Llama-2-13B-fp16
Property | Value |
---|---|
Parameter Count | 13 Billion |
Training Tokens | 2 Trillion |
Context Length | 4k tokens |
License | Meta Custom Commercial License |
What is Llama-2-13B-fp16?
Llama-2-13B-fp16 is Meta's advanced language model converted to fp16 precision format by TheBloke. This model represents a significant advancement in the field of large language models, trained on 2 trillion tokens of publicly available data. It's designed to maintain high performance while offering improved efficiency through fp16 precision.
Implementation Details
The model utilizes an optimized transformer architecture, converted from the original PTH files to Hugging Face format using Transformers 4.32.0.dev0. It features a 4k token context window and was trained with a learning rate of 3.0 x 10^-4 and a global batch size of 4M tokens.
- Full fp16 precision support for efficient inference
- Optimized transformer architecture
- Compatible with standard Hugging Face implementations
- 4k token context window for handling longer sequences
Core Capabilities
- Strong performance in commonsense reasoning (66.9% accuracy)

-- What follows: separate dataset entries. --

(* With the notation of the context, suppose there are two sample points $\bm x_\alpha,\bm x_\beta$ such that $$\max_{j\in J_{\leq,\alpha}}u_j(\bm x_\beta)<u^*(\bm x_\beta)=u_\beta(\bm x_\beta).$$ Then there exists a point $\bm x_\gamma\in\mathcal{L}(\bm x_\alpha,\bm x_\beta)=\{\lambda\bm x_\alpha+(1-\lambda)\bm x_\beta:\lambda\in(0,1)\}$ and an affine local piece $u_\gamma$ of $u^*$ with $u^*(\bm x_\gamma)=u_\gamma(\bm x_\gamma)$ such that $$u_\gamma(\bm x_\alpha)\le u_\alpha(\bm x_\alpha),\qquad u_\gamma(\bm x_\beta)\ge u_\beta(\bm x_\beta).$$ Moreover, after adding $(\bm x_\gamma,u_\gamma)$ to the sample set (and recomputing $J_{\leq,\alpha}$ accordingly), $\max_{j\in J_{\leq,\alpha}}u_j(\bm x_\beta)\ge u_\beta(\bm x_\beta)$.
   Context: Let $\Omega\subseteq\mathbb{R}^{n_x}$ be a convex polyhedron and $u^*:\Omega\to\mathbb{R}$ a continuous piecewise affine (PWA) function: $\Omega$ is the union of finitely many closed convex polyhedra (local regions) with pairwise disjoint interiors, and on each local region $u^*$ coincides with an affine function (its local piece). Sample points $\bm x_1,\dots,\bm x_{N_s}\in\Omega$ are given, each lying in the interior of a unique order (UO) region $\Gamma(\bm x_i)$ (a closed polyhedron inside a local region on whose interior the order of all distinct local pieces of $u^*$ is constant), and $u_i$ denotes the local piece of $u^*$ on $\Gamma(\bm x_i)$, so $u_i(\bm x_i)=u^*(\bm x_i)$. Define $J_{\leq,i}=\{j: u_j(\bm x_i)\le u_i(\bm x_i)\}$, where $j$ ranges over the indices of all current sample points. *)

theory Defs
  imports "HOL-Analysis.Analysis"
begin

definition affine_fun :: "('a::euclidean_space \<Rightarrow> real) \<Rightarrow> bool" where
  "affine_fun f \<longleftrightarrow> (\<exists>a b. \<forall>x. f x = inner a x + b)"

definition pwa_on ::
  "'a::euclidean_space set \<Rightarrow> ('a \<Rightarrow> real) \<Rightarrow> nat \<Rightarrow> (nat \<Rightarrow> 'a set) \<Rightarrow> (nat \<Rightarrow> 'a \<Rightarrow> real) \<Rightarrow> bool"
  where
  "pwa_on \<Omega> u K Rg pc \<longleftrightarrow>
     continuous_on \<Omega> u \<and>
     (\<Union>i<K. Rg i) = \<Omega> \<and>
     (\<forall>i<K. polyhedron (Rg i) \<and> closed (Rg i) \<and> convex (Rg i)) \<and>
     (\<forall>i<K. \<forall>j<K. i \<noteq> j \<longrightarrow> interior (Rg i) \<inter> interior (Rg j) = {}) \<and>
     (\<forall>i<K. affine_fun (pc i) \<and> (\<forall>x\<in>Rg i. u x = pc i x))"

definition uo_region ::
  "nat \<Rightarrow> (nat \<Rightarrow> 'a::euclidean_space set) \<Rightarrow> (nat \<Rightarrow> 'a \<Rightarrow> real) \<Rightarrow> 'a set \<Rightarrow> bool" where
  "uo_region K Rg pc G \<longleftrightarrow>
     polyhedron G \<and> closed G \<and> (\<exists>k<K. G \<subseteq> Rg k) \<and>
     (\<forall>p<K. \<forall>q<K. \<forall>x\<in>interior G. \<forall>y\<in>interior G.
        sgn (pc p x - pc q x) = sgn (pc p y - pc q y))"

definition J_le :: "nat \<Rightarrow> (nat \<Rightarrow> 'a) \<Rightarrow> (nat \<Rightarrow> 'a \<Rightarrow> real) \<Rightarrow> nat \<Rightarrow> nat set" where
  "J_le N xs us i = {j. j < N \<and> us j (xs i) \<le> us i (xs i)}"

end

theory Submission
  imports Defs
begin

text \<open>Follow u along the segment from x_beta (t = 0) to x_alpha (t = 1) and compare it with
  the chord through its end values. Near x_alpha, u coincides with u_alpha, which lies
  below u at x_beta; so u dips strictly below the chord there, while it meets the chord at
  t = 0. The last point where u is still on or above the chord before the dip, together with
  points just after it, lies in a single closed local region; the piece of that region is an
  affine function of t that is nonnegative and then negative relative to the chord, hence it
  lies below u at x_alpha and above u at x_beta. Adding it as a sample puts it into
  J_le(alpha) and raises the maximum at x_beta to at least u_beta(x_beta).\<close>

lemma affine_fun_convex_comb:
  assumes "affine_fun f"
  shows "f (t *\<^sub>R x + (1 - t) *\<^sub>R y) = t * f x + (1 - t) * f y"
proof -
  obtain a b where "\<And>x. f x = inner a x + b" using assms unfolding affine_fun_def by blast
  then show ?thesis by (simp add: inner_add_right algebra_simps)
qed

lemma closed_cover_sign_change:
  fixes f :: "real \<Rightarrow> real" and C :: "'i \<Rightarrow> real set"
  assumes "finite I" and closed: "\<And>i. i \<in> I \<Longrightarrow> closed (C i)"
    and cover: "{a..b} \<subseteq> (\<Union>i\<in>I. C i)" and "continuous_on {a..b} f"
    and "a \<le> b" and "0 \<le> f a" and "f b < 0"
  shows "\<exists>i\<in>I. \<exists>s t. a \<le> s \<and> s < t \<and> t \<le> b \<and> s \<in> C i \<and> t \<in> C i \<and> 0 \<le> f s \<and> f t < 0"
proof -
  define T where "T = {a..b} \<inter> f -` {0..}"
  have "compact T"
    unfolding T_def compact_eq_bounded_closed
    using assms(4) by (auto intro: continuous_closed_preimage bounded_Int)
  moreover have "a \<in> T" using assms unfolding T_def by auto
  ultimately obtain s where "s \<in> T" and s_max: "\<And>t. t \<in> T \<Longrightarrow> t \<le> s"
    using compact_attains_sup by (metis empty_iff)
  then have s: "a \<le> s" "s \<le> b" "0 \<le> f s" unfolding T_def by auto
  with \<open>f b < 0\<close> have "s < b" by (cases "s = b") auto
  \<comment> \<open>s is the last zero-or-above point; cover sets missing s keep a positive distance from it\<close>
  define Far where "Far = (\<Union>i\<in>{i\<in>I. s \<notin> C i}. C i)"
  have "closed Far" unfolding Far_def using assms(1) closed by (intro closed_UN) auto
  moreover have "s \<notin> Far" unfolding Far_def by auto
  ultimately obtain \<delta> where "\<delta> > 0" and \<delta>: "ball s \<delta> \<inter> Far = {}"
    by (metis ComplI open_Compl open_contains_ball disjoint_eq_subset_Compl)
  define t where "t = min (s + \<delta>/2) b"
  have t: "s < t" "t \<le> b" "t \<in> ball s \<delta>"
    using \<open>\<delta> > 0\<close> \<open>s < b\<close> unfolding t_def by (auto simp: dist_real_def)
  then have "t \<notin> T" using s_max by force
  with t s have "f t < 0" unfolding T_def by auto
  have "t \<in> {a..b}" using s t by auto
  then obtain i where "i \<in> I" "t \<in> C i" using cover by blast
  moreover from this have "s \<in> C i" using \<delta> t(3) unfolding Far_def by blast
  ultimately show ?thesis using s t \<open>f t < 0\<close> by blast
qed

lemma affine_sign_change_endpoints:
  fixes A B s t :: real
  assumes "0 \<le> s" "s < t" "t \<le> 1"
    and "0 \<le> s * A + (1 - s) * B" and "t * A + (1 - t) * B < 0"
  shows "A < 0" and "0 \<le> B"
proof -
  have "(t - s) * (A - B) < 0" using assms(4,5) by (simp add: algebra_simps)
  with \<open>s < t\<close> have "A < B" by (simp add: mult_less_0_iff)
  have "A = t * A + (1 - t) * B + (1 - t) * (A - B)" by (simp add: algebra_simps)
  moreover have "(1 - t) * (A - B) \<le> 0" using \<open>t \<le> 1\<close> \<open>A < B\<close> by (simp add: mult_nonneg_nonpos)
  ultimately show "A < 0" using assms(5) by linarith
  have "B = s * A + (1 - s) * B - s * (A - B)" by (simp add: algebra_simps)
  moreover have "s * (A - B) \<le> 0" using \<open>0 \<le> s\<close> \<open>A < B\<close> by (simp add: mult_nonneg_nonpos)
  ultimately show "0 \<le> B" using assms(4) by linarith
qed

lemma pwa_below_chord_imp_crossing_piece:
  assumes pwa: "pwa_on \<Omega> u K Rg pc" and "convex \<Omega>" and "a \<in> \<Omega>" and "b \<in> \<Omega>"
    and "0 < t\<^sub>0" and "t\<^sub>0 < 1"
    and below: "u (t\<^sub>0 *\<^sub>R a + (1 - t\<^sub>0) *\<^sub>R b) < t\<^sub>0 * u a + (1 - t\<^sub>0) * u b"
  shows "\<exists>t k. 0 < t \<and> t < 1 \<and> k < K \<and> t *\<^sub>R a + (1 - t) *\<^sub>R b \<in> Rg k \<and>
           pc k a < u a \<and> u b \<le> pc k b"
proof -
  define p where "p t = t *\<^sub>R a + (1 - t) *\<^sub>R b" for t :: real
  define d where "d t = u (p t) - (t * u a + (1 - t) * u b)" for t
  have p_in: "p t \<in> \<Omega>" if "t \<in> {0..t\<^sub>0}" for t
    unfolding p_def using that assms(2-6) by (intro convexD) auto
  have cont_p: "continuous_on UNIV p" unfolding p_def by (intro continuous_intros)
  have "continuous_on {0..t\<^sub>0} (u \<circ> p)"
    using pwa p_in unfolding pwa_on_def
    by (intro continuous_on_compose continuous_on_subset[OF cont_p]) (auto intro: continuous_on_subset)
  then have "continuous_on {0..t\<^sub>0} d" unfolding d_def o_def by (intro continuous_intros)
  moreover have "{0..t\<^sub>0} \<subseteq> (\<Union>k\<in>{..<K}. {0..t\<^sub>0} \<inter> p -` Rg k)"
    using pwa p_in unfolding pwa_on_def by blast
  moreover have "closed ({0..t\<^sub>0} \<inter> p -` Rg k)" if "k \<in> {..<K}" for k
    using pwa that unfolding pwa_on_def
    by (intro continuous_closed_preimage continuous_on_subset[OF cont_p]) auto
  moreover have "d 0 = 0" "d t\<^sub>0 < 0" using below unfolding d_def p_def by auto
  ultimately obtain k s t where k: "k < K" and st: "0 \<le> s" "s < t" "t \<le> t\<^sub>0"
      and in_Rg: "p s \<in> Rg k" "p t \<in> Rg k" and sign: "0 \<le> d s" "d t < 0"
    using closed_cover_sign_change[of "{..<K}" "\<lambda>k. {0..t\<^sub>0} \<inter> p -` Rg k" 0 t\<^sub>0 d] \<open>0 < t\<^sub>0\<close>
    by auto
  have d_piece: "d r = r * (pc k a - u a) + (1 - r) * (pc k b - u b)" if "p r \<in> Rg k" for r
    using pwa k that affine_fun_convex_comb[of "pc k" r a b]
    unfolding pwa_on_def d_def p_def by (simp add: algebra_simps)
  have "pc k a - u a < 0" "0 \<le> pc k b - u b"
    using affine_sign_change_endpoints[OF st(1,2), of "pc k a - u a" "pc k b - u b"]
      st(3) \<open>t\<^sub>0 < 1\<close> sign d_piece[OF in_Rg(1)] d_piece[OF in_Rg(2)] by simp_all
  then show ?thesis using k st in_Rg \<open>t\<^sub>0 < 1\<close> unfolding p_def by (intro exI[of _ t] exI[of _ k]) auto
qed

lemma interior_contains_segment_point:
  fixes x y :: "'a::real_normed_vector"
  assumes "x \<in> interior S"
  shows "\<exists>t. 0 < t \<and> t < 1 \<and> t *\<^sub>R x + (1 - t) *\<^sub>R y \<in> S"
proof -
  have "((\<lambda>t. t *\<^sub>R x + (1 - t) *\<^sub>R y) \<longlongrightarrow> 1 *\<^sub>R x + (1 - 1) *\<^sub>R y) (at_left (1::real))"
    by (intro tendsto_intros)
  then have "\<forall>\<^sub>F t in at_left 1. t *\<^sub>R x + (1 - t) *\<^sub>R y \<in> interior S"
    using assms by (auto intro: topological_tendstoD)
  moreover have "\<forall>\<^sub>F t in at_left (1::real). t \<in> {0<..<1}"
    by (rule eventually_at_left_real) simp
  ultimately have "\<forall>\<^sub>F t in at_left 1. t \<in> {0<..<1} \<and> t *\<^sub>R x + (1 - t) *\<^sub>R y \<in> interior S"
    by eventually_elim auto
  then have "\<exists>t. t \<in> {0<..<1} \<and> t *\<^sub>R x + (1 - t) *\<^sub>R y \<in> interior S"
    using eventually_happens trivial_limit_at_left_real by blast
  then show ?thesis using interior_subset by auto
qed

lemma J_le_Max_ge:
  assumes "j \<in> J_le N xs us i"
  shows "us j y \<le> Max ((\<lambda>j. us j y) ` J_le N xs us i)"
  using assms by (intro Max_ge finite_imageI) (auto simp: J_le_def)

theorem mainTheorem3:
  fixes \<Omega> :: "'a::euclidean_space set" and u :: "'a \<Rightarrow> real"
    and K :: nat and Rg :: "nat \<Rightarrow> 'a set" and pc :: "nat \<Rightarrow> 'a \<Rightarrow> real"
    and N :: nat and xs :: "nat \<Rightarrow> 'a" and \<Gamma> :: "nat \<Rightarrow> 'a set"
    and us :: "nat \<Rightarrow> 'a \<Rightarrow> real" and \<alpha> \<beta> :: nat
  assumes "convex \<Omega>" and "polyhedron \<Omega>"
    and "pwa_on \<Omega> u K Rg pc"
    and "\<And>i. i < N \<Longrightarrow> uo_region K Rg pc (\<Gamma> i) \<and> xs i \<in> interior (\<Gamma> i) \<and>
              (\<exists>k<K. \<Gamma> i \<subseteq> Rg k \<and> us i = pc k)"
    and "\<alpha> < N" and "\<beta> < N"
    and "Max ((\<lambda>j. us j (xs \<beta>)) ` J_le N xs us \<alpha>) < u (xs \<beta>)"
    and "u (xs \<beta>) = us \<beta> (xs \<beta>)"
  shows "\<exists>xg ug. (\<exists>t::real. 0 < t \<and> t < 1 \<and> xg = t *\<^sub>R xs \<alpha> + (1 - t) *\<^sub>R xs \<beta>) \<and>
           (\<exists>k<K. ug = pc k) \<and> u xg = ug xg \<and>
           ug (xs \<alpha>) \<le> us \<alpha> (xs \<alpha>) \<and> ug (xs \<beta>) \<ge> us \<beta> (xs \<beta>) \<and>
           Max ((\<lambda>j. (us(N := ug)) j ((xs(N := xg)) \<beta>))
                  ` J_le (Suc N) (xs(N := xg)) (us(N := ug)) \<alpha>)
             \<ge> us \<beta> (xs \<beta>)"
proof -
  have cover: "(\<Union>k<K. Rg k) = \<Omega>"
    and piece: "\<And>k x. k < K \<Longrightarrow> x \<in> Rg k \<Longrightarrow> u x = pc k x"
    and piece_affine: "\<And>k. k < K \<Longrightarrow> affine_fun (pc k)"
    using assms(3) unfolding pwa_on_def by blast+
  have sample: "xs i \<in> \<Omega> \<and> us i (xs i) = u (xs i)" if "i < N" for i
  proof -
    note i = that
    obtain k where k: "k < K" "\<Gamma> i \<subseteq> Rg k" "us i = pc k" "xs i \<in> interior (\<Gamma> i)"
      using assms(4)[OF i] by blast
    then have "xs i \<in> Rg k" using interior_subset by blast
    then show ?thesis using k(1,3) cover piece by auto
  qed
  obtain k\<^sub>\<alpha> where k\<^sub>\<alpha>: "k\<^sub>\<alpha> < K" "\<Gamma> \<alpha> \<subseteq> Rg k\<^sub>\<alpha>" "us \<alpha> = pc k\<^sub>\<alpha>"
    and "xs \<alpha> \<in> interior (\<Gamma> \<alpha>)" using assms(4)[OF assms(5)] by blast
  then obtain t\<^sub>0 where t\<^sub>0: "0 < t\<^sub>0" "t\<^sub>0 < 1" "t\<^sub>0 *\<^sub>R xs \<alpha> + (1 - t\<^sub>0) *\<^sub>R xs \<beta> \<in> Rg k\<^sub>\<alpha>"
    using interior_contains_segment_point by blast
  have "\<alpha> \<in> J_le N xs us \<alpha>" using assms(5) by (simp add: J_le_def)
  then have "us \<alpha> (xs \<beta>) < u (xs \<beta>)" using J_le_Max_ge assms(7) by (metis le_less_trans)
  then have "u (t\<^sub>0 *\<^sub>R xs \<alpha> + (1 - t\<^sub>0) *\<^sub>R xs \<beta>) < t\<^sub>0 * u (xs \<alpha>) + (1 - t\<^sub>0) * u (xs \<beta>)"
    using piece[OF k\<^sub>\<alpha>(1) t\<^sub>0(3)] affine_fun_convex_comb[OF piece_affine[OF k\<^sub>\<alpha>(1)]] t\<^sub>0(2)
      sample[OF assms(5)] k\<^sub>\<alpha>(3) by simp
  then obtain t k where t: "0 < t" "t < 1" and k: "k < K" "t *\<^sub>R xs \<alpha> + (1 - t) *\<^sub>R xs \<beta> \<in> Rg k"
    and ends: "pc k (xs \<alpha>) < u (xs \<alpha>)" "u (xs \<beta>) \<le> pc k (xs \<beta>)"
    using pwa_below_chord_imp_crossing_piece[OF assms(3,1)] t\<^sub>0(1,2) sample assms(5,6) by blast
  define xg where "xg = t *\<^sub>R xs \<alpha> + (1 - t) *\<^sub>R xs \<beta>"
  have "N \<in> J_le (Suc N) (xs(N := xg)) (us(N := pc k)) \<alpha>"
    using ends(1) sample[OF assms(5)] assms(5) by (simp add: J_le_def)
  then have "pc k (xs \<beta>) \<le> Max ((\<lambda>j. (us(N := pc k)) j ((xs(N := xg)) \<beta>))
                  ` J_le (Suc N) (xs(N := xg)) (us(N := pc k)) \<alpha>)"
    using J_le_Max_ge[where y = "(xs(N := xg)) \<beta>"] assms(6) by fastforce
  moreover have "u xg = pc k xg" using piece k unfolding xg_def by blast
  ultimately show ?thesis
    using t k(1) ends sample[OF assms(5)] assms(8) unfolding xg_def
    by (intro exI[of _ xg] exI[of _ "pc k"] conjI) (auto simp: xg_def)
qed

end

- Effective world knowledge applications (55.4% accuracy)
- Advanced reading comprehension capabilities (65.8% accuracy)
- Improved truthfulness metrics compared to previous versions
Frequently Asked Questions
Q: What makes this model unique?
This model stands out for its balance of size and performance, offering strong capabilities across various tasks while maintaining efficiency through fp16 precision. It shows significant improvements in truthfulness and toxicity metrics compared to its predecessors.
Q: What are the recommended use cases?
The model is best suited for commercial and research applications in English, including text generation, analysis, and general language understanding tasks. It's particularly effective for applications requiring balanced performance across reasoning, knowledge retrieval, and comprehension.